Task objective
Lines with the word "induction": copy all of them from the entries below.

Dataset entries
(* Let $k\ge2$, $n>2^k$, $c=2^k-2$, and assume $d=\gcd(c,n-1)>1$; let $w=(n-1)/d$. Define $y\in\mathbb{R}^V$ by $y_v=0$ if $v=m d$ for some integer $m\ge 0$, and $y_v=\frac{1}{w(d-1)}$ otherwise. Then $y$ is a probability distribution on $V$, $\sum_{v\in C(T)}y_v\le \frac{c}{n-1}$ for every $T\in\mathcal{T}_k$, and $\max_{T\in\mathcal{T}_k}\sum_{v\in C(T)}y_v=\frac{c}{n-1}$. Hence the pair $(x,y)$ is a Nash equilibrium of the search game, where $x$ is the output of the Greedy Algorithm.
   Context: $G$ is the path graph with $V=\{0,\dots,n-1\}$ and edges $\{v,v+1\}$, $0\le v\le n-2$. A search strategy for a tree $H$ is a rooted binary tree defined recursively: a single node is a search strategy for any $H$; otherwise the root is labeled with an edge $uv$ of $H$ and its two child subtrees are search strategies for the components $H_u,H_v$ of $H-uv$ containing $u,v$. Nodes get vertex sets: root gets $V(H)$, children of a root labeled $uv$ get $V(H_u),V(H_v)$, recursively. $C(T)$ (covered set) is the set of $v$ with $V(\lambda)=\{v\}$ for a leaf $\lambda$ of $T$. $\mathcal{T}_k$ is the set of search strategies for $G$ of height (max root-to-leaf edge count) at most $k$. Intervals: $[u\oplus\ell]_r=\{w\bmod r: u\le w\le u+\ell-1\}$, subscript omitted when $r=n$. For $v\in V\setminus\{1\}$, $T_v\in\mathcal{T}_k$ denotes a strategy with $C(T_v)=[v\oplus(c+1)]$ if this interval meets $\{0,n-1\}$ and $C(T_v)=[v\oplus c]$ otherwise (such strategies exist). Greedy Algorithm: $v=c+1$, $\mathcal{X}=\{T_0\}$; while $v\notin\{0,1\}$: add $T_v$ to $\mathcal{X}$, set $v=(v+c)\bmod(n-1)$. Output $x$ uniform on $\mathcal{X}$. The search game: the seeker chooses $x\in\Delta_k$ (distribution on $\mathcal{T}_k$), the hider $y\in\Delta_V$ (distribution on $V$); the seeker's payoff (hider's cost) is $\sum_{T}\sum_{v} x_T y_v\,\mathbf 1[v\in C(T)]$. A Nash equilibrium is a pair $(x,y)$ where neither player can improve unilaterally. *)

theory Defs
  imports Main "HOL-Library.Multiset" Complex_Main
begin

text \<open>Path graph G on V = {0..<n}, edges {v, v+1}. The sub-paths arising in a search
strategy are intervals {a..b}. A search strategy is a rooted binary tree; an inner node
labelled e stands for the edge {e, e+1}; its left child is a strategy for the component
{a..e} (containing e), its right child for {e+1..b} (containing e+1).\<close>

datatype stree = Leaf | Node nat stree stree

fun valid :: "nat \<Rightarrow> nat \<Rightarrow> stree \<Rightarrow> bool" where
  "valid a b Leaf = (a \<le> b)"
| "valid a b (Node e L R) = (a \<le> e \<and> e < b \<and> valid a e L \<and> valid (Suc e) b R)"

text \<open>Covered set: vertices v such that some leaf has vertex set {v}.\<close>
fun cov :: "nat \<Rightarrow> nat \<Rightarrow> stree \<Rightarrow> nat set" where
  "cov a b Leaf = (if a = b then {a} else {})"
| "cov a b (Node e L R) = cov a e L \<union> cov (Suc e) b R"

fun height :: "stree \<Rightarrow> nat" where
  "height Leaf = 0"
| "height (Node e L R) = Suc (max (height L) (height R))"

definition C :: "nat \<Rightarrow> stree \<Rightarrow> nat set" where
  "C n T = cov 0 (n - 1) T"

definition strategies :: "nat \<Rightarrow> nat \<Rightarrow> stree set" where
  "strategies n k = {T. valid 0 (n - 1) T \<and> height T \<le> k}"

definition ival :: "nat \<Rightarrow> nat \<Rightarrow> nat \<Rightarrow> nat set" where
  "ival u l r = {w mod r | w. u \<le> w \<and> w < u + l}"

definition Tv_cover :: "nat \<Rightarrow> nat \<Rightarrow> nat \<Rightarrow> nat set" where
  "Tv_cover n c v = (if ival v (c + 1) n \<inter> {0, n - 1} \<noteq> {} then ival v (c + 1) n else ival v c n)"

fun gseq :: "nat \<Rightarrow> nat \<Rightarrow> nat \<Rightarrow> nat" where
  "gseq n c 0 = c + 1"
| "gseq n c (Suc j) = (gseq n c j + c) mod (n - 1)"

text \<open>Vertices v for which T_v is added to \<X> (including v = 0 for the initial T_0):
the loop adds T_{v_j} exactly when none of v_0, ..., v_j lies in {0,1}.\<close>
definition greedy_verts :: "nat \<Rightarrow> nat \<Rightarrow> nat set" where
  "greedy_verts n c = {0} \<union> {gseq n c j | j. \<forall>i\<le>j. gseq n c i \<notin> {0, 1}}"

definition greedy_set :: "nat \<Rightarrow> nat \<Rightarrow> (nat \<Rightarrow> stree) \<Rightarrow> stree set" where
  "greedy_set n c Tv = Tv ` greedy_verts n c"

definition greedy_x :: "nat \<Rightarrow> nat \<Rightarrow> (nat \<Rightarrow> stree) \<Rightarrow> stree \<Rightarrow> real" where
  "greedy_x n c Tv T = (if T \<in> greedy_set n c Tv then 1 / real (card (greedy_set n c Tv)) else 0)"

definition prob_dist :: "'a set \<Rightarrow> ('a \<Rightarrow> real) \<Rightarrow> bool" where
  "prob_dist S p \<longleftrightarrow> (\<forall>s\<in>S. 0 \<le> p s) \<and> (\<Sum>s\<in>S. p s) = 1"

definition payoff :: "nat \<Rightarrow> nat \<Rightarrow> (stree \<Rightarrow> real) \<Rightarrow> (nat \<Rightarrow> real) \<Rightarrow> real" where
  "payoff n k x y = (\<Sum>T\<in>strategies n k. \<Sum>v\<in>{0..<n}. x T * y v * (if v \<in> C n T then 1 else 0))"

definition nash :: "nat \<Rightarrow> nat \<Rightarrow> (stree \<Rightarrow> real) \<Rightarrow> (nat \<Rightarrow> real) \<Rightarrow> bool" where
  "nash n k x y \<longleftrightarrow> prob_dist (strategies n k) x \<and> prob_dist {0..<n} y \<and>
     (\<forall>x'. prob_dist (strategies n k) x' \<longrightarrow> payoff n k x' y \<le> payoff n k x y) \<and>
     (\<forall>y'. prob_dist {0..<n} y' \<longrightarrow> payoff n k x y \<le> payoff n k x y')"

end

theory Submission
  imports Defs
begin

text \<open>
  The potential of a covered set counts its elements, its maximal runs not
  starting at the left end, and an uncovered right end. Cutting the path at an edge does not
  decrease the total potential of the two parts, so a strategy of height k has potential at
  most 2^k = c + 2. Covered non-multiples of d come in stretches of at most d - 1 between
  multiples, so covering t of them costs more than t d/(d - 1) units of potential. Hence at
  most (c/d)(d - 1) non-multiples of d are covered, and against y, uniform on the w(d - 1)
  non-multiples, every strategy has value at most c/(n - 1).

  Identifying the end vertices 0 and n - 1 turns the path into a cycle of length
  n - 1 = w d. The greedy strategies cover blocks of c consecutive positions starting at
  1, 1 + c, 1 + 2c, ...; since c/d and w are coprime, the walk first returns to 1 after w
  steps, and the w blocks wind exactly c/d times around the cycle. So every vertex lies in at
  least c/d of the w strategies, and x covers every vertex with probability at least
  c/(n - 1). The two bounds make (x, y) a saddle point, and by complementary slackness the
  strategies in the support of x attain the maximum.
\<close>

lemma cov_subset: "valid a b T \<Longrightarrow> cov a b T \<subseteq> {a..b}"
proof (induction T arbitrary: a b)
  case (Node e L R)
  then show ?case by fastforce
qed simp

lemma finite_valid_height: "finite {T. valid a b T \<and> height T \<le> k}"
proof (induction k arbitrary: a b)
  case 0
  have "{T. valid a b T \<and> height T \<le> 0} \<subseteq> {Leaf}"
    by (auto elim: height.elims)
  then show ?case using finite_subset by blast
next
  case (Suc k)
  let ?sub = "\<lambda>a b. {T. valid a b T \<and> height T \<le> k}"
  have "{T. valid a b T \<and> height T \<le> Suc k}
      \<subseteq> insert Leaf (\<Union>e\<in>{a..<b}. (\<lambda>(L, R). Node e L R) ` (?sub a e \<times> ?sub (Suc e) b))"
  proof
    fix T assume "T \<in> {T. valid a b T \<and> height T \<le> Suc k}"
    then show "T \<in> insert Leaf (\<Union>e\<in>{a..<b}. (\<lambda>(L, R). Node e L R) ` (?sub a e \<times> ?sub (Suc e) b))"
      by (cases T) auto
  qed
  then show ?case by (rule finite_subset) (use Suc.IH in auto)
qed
==
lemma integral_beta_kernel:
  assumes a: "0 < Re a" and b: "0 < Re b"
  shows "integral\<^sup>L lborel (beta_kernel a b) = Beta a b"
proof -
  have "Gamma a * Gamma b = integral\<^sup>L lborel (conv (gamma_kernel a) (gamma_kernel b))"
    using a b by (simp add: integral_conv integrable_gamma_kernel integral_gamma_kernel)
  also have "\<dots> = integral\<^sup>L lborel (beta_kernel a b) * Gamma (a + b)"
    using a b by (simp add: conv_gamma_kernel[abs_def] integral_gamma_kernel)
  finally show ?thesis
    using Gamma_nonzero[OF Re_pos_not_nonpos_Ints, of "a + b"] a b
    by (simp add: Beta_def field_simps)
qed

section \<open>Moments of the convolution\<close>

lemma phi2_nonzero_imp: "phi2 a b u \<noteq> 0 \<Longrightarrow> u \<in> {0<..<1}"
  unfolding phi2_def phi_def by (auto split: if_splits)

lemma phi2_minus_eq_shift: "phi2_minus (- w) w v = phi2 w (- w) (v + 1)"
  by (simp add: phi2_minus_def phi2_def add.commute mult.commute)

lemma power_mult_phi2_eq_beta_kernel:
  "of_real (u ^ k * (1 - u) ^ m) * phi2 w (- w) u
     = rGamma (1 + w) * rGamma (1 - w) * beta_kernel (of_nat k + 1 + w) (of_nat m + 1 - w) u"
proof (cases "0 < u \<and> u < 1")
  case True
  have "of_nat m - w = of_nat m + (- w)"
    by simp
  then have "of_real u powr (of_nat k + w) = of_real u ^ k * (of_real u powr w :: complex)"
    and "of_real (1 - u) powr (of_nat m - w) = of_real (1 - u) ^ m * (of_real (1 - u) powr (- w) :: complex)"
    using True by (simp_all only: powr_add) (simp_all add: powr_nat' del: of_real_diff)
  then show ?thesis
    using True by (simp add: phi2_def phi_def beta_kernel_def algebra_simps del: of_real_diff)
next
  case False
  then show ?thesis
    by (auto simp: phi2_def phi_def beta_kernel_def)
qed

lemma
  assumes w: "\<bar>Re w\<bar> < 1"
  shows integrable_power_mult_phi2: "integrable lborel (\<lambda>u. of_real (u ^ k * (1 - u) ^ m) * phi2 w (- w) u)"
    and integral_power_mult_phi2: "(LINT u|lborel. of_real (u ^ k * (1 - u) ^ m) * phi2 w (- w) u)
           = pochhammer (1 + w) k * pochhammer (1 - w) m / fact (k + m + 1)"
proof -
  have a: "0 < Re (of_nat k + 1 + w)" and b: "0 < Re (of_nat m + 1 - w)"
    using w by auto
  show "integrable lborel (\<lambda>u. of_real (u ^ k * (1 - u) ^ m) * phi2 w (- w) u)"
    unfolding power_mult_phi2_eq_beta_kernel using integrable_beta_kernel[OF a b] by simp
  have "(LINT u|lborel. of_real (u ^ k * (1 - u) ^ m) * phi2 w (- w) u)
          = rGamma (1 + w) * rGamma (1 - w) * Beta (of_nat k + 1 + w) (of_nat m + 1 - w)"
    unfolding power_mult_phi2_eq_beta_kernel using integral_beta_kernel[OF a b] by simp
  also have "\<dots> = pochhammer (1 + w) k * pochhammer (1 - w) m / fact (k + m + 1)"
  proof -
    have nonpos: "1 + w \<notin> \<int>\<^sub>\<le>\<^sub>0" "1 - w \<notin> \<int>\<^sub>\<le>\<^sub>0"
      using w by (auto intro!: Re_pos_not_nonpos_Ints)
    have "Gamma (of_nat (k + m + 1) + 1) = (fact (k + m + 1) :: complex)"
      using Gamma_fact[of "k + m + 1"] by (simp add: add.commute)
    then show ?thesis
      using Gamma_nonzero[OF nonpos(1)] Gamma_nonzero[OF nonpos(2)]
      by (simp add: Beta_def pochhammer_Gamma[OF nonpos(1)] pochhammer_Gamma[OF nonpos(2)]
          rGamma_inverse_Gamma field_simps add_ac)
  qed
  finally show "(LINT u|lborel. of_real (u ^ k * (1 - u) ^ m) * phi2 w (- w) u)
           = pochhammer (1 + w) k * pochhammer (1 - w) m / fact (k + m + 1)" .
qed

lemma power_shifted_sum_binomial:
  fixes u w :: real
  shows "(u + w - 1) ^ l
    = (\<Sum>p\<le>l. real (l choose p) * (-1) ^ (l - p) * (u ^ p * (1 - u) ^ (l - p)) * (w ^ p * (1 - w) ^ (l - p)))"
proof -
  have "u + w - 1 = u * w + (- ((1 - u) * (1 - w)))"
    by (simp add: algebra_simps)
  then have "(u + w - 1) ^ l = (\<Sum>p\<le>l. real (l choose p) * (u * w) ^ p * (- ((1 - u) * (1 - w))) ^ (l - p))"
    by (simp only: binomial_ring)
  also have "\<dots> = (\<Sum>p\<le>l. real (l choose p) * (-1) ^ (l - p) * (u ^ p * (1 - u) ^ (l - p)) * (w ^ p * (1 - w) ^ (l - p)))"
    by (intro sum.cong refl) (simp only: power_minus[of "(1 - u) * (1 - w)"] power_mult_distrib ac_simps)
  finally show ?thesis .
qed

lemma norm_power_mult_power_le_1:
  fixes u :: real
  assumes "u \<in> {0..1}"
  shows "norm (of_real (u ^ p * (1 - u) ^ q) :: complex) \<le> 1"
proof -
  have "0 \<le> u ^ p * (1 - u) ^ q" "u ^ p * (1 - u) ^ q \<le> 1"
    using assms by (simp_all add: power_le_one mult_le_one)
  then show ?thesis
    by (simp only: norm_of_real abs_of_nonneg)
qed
==
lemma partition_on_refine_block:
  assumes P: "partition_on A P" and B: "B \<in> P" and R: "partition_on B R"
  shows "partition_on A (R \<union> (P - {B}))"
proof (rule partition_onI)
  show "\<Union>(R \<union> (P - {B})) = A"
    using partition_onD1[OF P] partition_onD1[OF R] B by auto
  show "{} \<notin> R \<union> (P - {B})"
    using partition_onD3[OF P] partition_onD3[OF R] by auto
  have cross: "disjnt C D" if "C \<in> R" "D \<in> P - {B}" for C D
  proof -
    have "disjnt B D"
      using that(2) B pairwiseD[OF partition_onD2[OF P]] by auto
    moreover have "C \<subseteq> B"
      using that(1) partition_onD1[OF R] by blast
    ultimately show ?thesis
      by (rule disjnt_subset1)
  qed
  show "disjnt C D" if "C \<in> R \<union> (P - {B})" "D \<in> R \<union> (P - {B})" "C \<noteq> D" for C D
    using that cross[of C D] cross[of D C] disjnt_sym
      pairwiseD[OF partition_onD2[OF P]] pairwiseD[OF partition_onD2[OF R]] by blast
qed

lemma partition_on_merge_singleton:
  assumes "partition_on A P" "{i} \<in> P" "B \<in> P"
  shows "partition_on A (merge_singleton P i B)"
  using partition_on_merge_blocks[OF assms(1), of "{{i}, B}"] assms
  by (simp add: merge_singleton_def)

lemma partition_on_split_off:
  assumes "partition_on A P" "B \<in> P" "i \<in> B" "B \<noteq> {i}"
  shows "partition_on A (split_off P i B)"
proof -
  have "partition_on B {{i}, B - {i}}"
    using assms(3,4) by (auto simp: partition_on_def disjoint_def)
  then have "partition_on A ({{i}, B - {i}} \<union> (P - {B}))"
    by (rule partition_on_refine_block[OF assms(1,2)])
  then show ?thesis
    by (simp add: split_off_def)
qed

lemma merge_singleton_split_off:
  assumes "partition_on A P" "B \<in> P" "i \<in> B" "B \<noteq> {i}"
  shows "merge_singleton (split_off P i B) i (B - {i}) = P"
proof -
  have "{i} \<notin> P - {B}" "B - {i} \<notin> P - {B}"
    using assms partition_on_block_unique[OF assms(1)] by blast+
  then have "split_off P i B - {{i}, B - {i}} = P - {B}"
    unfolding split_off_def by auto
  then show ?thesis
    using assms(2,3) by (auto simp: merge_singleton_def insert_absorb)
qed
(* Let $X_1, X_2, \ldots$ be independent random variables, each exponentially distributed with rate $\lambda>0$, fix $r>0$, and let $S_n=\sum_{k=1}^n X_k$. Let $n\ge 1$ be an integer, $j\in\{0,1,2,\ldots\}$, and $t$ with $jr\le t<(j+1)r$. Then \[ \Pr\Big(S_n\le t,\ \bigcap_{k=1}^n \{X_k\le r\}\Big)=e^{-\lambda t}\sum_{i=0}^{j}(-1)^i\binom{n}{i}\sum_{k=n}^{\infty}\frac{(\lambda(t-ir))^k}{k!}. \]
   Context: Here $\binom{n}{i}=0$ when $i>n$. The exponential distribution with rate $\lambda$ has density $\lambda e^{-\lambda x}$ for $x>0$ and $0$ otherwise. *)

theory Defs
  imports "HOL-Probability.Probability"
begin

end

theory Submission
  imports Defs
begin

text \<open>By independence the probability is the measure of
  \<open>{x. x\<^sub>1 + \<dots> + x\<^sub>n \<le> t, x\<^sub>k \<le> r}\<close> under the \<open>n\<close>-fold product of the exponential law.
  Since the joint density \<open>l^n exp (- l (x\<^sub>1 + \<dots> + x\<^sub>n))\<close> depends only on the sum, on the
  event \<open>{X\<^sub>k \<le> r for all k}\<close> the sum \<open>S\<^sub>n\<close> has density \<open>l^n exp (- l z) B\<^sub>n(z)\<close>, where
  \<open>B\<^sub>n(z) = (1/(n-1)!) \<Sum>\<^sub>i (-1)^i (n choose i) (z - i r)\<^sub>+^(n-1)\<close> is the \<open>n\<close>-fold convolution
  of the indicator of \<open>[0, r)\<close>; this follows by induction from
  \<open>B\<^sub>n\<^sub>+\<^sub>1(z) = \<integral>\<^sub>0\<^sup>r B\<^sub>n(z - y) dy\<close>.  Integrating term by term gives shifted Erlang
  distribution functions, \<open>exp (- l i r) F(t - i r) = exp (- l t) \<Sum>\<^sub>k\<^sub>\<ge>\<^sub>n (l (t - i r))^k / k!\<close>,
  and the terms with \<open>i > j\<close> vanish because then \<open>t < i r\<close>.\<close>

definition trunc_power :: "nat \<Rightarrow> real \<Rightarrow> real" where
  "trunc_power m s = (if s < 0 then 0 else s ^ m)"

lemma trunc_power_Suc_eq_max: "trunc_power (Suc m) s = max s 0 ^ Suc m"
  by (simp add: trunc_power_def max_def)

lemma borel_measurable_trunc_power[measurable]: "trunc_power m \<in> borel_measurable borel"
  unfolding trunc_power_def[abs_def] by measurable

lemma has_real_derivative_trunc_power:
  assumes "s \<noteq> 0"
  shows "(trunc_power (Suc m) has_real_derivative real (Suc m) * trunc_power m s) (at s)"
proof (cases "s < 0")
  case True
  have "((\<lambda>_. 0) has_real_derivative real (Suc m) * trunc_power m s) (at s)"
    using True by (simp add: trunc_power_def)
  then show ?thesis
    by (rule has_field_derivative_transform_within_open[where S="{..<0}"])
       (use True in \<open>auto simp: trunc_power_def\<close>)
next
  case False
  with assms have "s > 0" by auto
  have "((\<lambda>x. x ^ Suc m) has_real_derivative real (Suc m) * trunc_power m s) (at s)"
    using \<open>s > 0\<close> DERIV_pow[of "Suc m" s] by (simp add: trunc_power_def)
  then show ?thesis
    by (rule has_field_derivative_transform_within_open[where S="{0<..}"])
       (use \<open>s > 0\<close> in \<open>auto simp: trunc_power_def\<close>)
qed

Response
proof (induction T arbitrary: a b)
proof (induction k arbitrary: a b)
  of the indicator of \<open>[0, r)\<close>; this follows by induction from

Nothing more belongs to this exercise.